- WORK REQUEST -
Output exactly, please, the lines of the records below from the one containing "Cons.prems(1) by simp" through the final line.

─── AVAILABLE DATA ───

lemma fpath_append_Cons:
  "fpath V E (xs @ y # ys) \<longleftrightarrow> fpath V E (xs @ [y]) \<and> fpath V E (y # ys)"
proof (induction xs rule: induct_list012)
  case 1
  then show ?case by (auto simp: fpath_def)
next
  case (2 x)
  then show ?case by (cases ys) auto
next
  case (3 x x' xs)
  then show ?case by auto
qed

lemma fpath_imp_rtrancl:
  "fpath V E xs \<Longrightarrow> v \<in> set xs \<Longrightarrow> (hd xs, v) \<in> E\<^sup>*"
  by (induction xs rule: induct_list012) (auto intro: converse_rtrancl_into_rtrancl)

lemma fpath_imp_trancl:
  "fpath V E (x # y # xs) \<Longrightarrow> (x, last (y # xs)) \<in> E\<^sup>+"
  by (induction xs arbitrary: x y) (auto intro: trancl_into_trancl2)

lemma rtrancl_imp_fpath:
  assumes "(a, b) \<in> E\<^sup>*" "E \<subseteq> V \<times> V" "a \<in> V"
  obtains xs where "fpath V E (a # xs)" "last (a # xs) = b"
  using assms
proof (induction arbitrary: thesis rule: converse_rtrancl_induct)
  case base
  then show ?case by (metis fpath_singleton last.simps)
next
  case (step a z)
  then obtain xs where "fpath V E (z # xs)" "last (z # xs) = b" by blast
  with step show ?case by (metis fpath_Cons_Cons last_ConsR list.distinct(1))
qed

lemma interval_intro:
  assumes "fpath V E (x # ys @ [y])" "x \<in> V'" "y \<in> V'" "set ys \<inter> V' = {}"
  shows "interval V E V' x y (x # ys @ [y])"
  using assms unfolding interval_def
  by (auto simp: nth_Cons' nth_append dest!: nth_mem)

lemma Ap_edges_subset: "Ap_edges V E p \<subseteq> Vp V E p \<times> Vp V E p"
  by (auto simp: Ap_edges_def)

lemma Ap_edges_subset_trancl: "Ap_edges V E p \<subseteq> E\<^sup>+"
proof
  fix e assume "e \<in> Ap_edges V E p"
  then obtain x y xs where e: "e = (x, y)" and "interval V E (Vp V E p) x y xs"
    by (auto simp: Ap_edges_def)
  then have xs: "fpath V E xs" "2 \<le> length xs" "hd xs = x" "last xs = y"
    by (auto simp: interval_def)
  then obtain y' ys where "xs = x # y' # ys"
    by (cases xs; cases "tl xs") auto
  then show "e \<in> E\<^sup>+" using e xs fpath_imp_trancl[of V E x y' ys] by simp
qed

lemma fpath_imp_rtrancl_Ap_edges:
  assumes "fpath V E (a # ys @ xs)" "xs \<noteq> []" "a \<in> Vp V E p" "last xs \<in> Vp V E p"
    and "set ys \<inter> Vp V E p = {}"
  shows "(a, last xs) \<in> (Ap_edges V E p)\<^sup>*"
  using assms
proof (induction xs arbitrary: a ys)
  case Nil
  then show ?case by simp
next
  case (Cons x xs)
  show ?case
  proof (cases "x \<in> Vp V E p")
    case True
    have paths: "fpath V E (a # ys @ [x])" "fpath V E (x # [] @ xs)"
      using Cons.prems(1) fpath_append_Cons[of V E "a # ys" x xs] by simp_all
    have "(a, x) \<in> Ap_edges V E p"
      unfolding Ap_edges_def using interval_intro[OF paths(1)] Cons.prems(3,5) True by blast
    moreover have "(x, last (x # xs)) \<in> (Ap_edges V E p)\<^sup>*"
    proof (cases "xs = []")
      case False
      then show ?thesis using Cons.IH[OF paths(2)] Cons.prems(4) True by simp
    qed simp
    ultimately show ?thesis by simp
  next
    case False
    then have "xs \<noteq> []" using Cons.prems(4) by auto
    moreover have "fpath V E (a # (ys @ [x]) @ xs)" using Cons.prems(1) by simp
    moreover have "set (ys @ [x]) \<inter> Vp V E p = {}" using Cons.prems(5) False by auto
    ultimately have "(a, last xs) \<in> (Ap_edges V E p)\<^sup>*"
      using Cons.IH[of a "ys @ [x]"] Cons.prems(3,4) by simp
    then show ?thesis using \<open>xs \<noteq> []\<close> by simp
  qed
qed

lemma rtrancl_imp_rtrancl_Ap_edges:
  assumes "(a, b) \<in> E\<^sup>*" "E \<subseteq> V \<times> V" "a \<in> Vp V E p" "b \<in> Vp V E p"
  shows "(a, b) \<in> (Ap_edges V E p)\<^sup>*"
proof -
  have "a \<in> V" using assms(3) by (simp add: Vp_def)
  with assms(1,2) obtain xs where xs: "fpath V E (a # xs)" "last (a # xs) = b"
    by (blast elim: rtrancl_imp_fpath)
  show ?thesis
  proof (cases "xs = []")
    case False
    then show ?thesis
      using fpath_imp_rtrancl_Ap_edges[of V E a "[]" xs p] xs assms(3,4) by simp
  qed (use xs in simp)
qed

lemma ex_ipath_within:
  assumes "p \<in> S" "S \<subseteq> V" "\<And>z. z \<in> S \<Longrightarrow> \<exists>w\<in>S. (z, w) \<in> E"
  obtains f where "ipath V E f" "f 0 = p" "range f \<subseteq> S"
proof -
  obtain g where g: "\<And>z. z \<in> S \<Longrightarrow> g z \<in> S \<and> (z, g z) \<in> E"
    using assms(3) by metis
  define f where "f n = (g ^^ n) p" for n
  have f_in: "f n \<in> S" for n by (induction n) (auto simp: f_def assms(1) g)
  then have "ipath V E f" using g assms(2) by (auto simp: ipath_def f_def)
  moreover have "f 0 = p" "range f \<subseteq> S" using f_in by (auto simp: f_def)
  ultimately show thesis by (rule that)
qed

───

- SOLUTION FOR THIS PROBLEM -
    moreover have "fpath V E (a # (ys @ [x]) @ xs)" using Cons.prems(1) by simp
    moreover have "set (ys @ [x]) \<inter> Vp V E p = {}" using Cons.prems(5) False by auto
    ultimately have "(a, last xs) \<in> (Ap_edges V E p)\<^sup>*"
      using Cons.IH[of a "ys @ [x]"] Cons.prems(3,4) by simp
    then show ?thesis using \<open>xs \<noteq> []\<close> by simp
  qed
qed

lemma rtrancl_imp_rtrancl_Ap_edges:
  assumes "(a, b) \<in> E\<^sup>*" "E \<subseteq> V \<times> V" "a \<in> Vp V E p" "b \<in> Vp V E p"
  shows "(a, b) \<in> (Ap_edges V E p)\<^sup>*"
proof -
  have "a \<in> V" using assms(3) by (simp add: Vp_def)
  with assms(1,2) obtain xs where xs: "fpath V E (a # xs)" "last (a # xs) = b"
    by (blast elim: rtrancl_imp_fpath)
  show ?thesis
  proof (cases "xs = []")
    case False
    then show ?thesis
      using fpath_imp_rtrancl_Ap_edges[of V E a "[]" xs p] xs assms(3,4) by simp
  qed (use xs in simp)
qed

lemma ex_ipath_within:
  assumes "p \<in> S" "S \<subseteq> V" "\<And>z. z \<in> S \<Longrightarrow> \<exists>w\<in>S. (z, w) \<in> E"
  obtains f where "ipath V E f" "f 0 = p" "range f \<subseteq> S"
proof -
  obtain g where g: "\<And>z. z \<in> S \<Longrightarrow> g z \<in> S \<and> (z, g z) \<in> E"
    using assms(3) by metis
  define f where "f n = (g ^^ n) p" for n
  have f_in: "f n \<in> S" for n by (induction n) (auto simp: f_def assms(1) g)
  then have "ipath V E f" using g assms(2) by (auto simp: ipath_def f_def)
  moreover have "f 0 = p" "range f \<subseteq> S" using f_in by (auto simp: f_def)
  ultimately show thesis by (rule that)
qed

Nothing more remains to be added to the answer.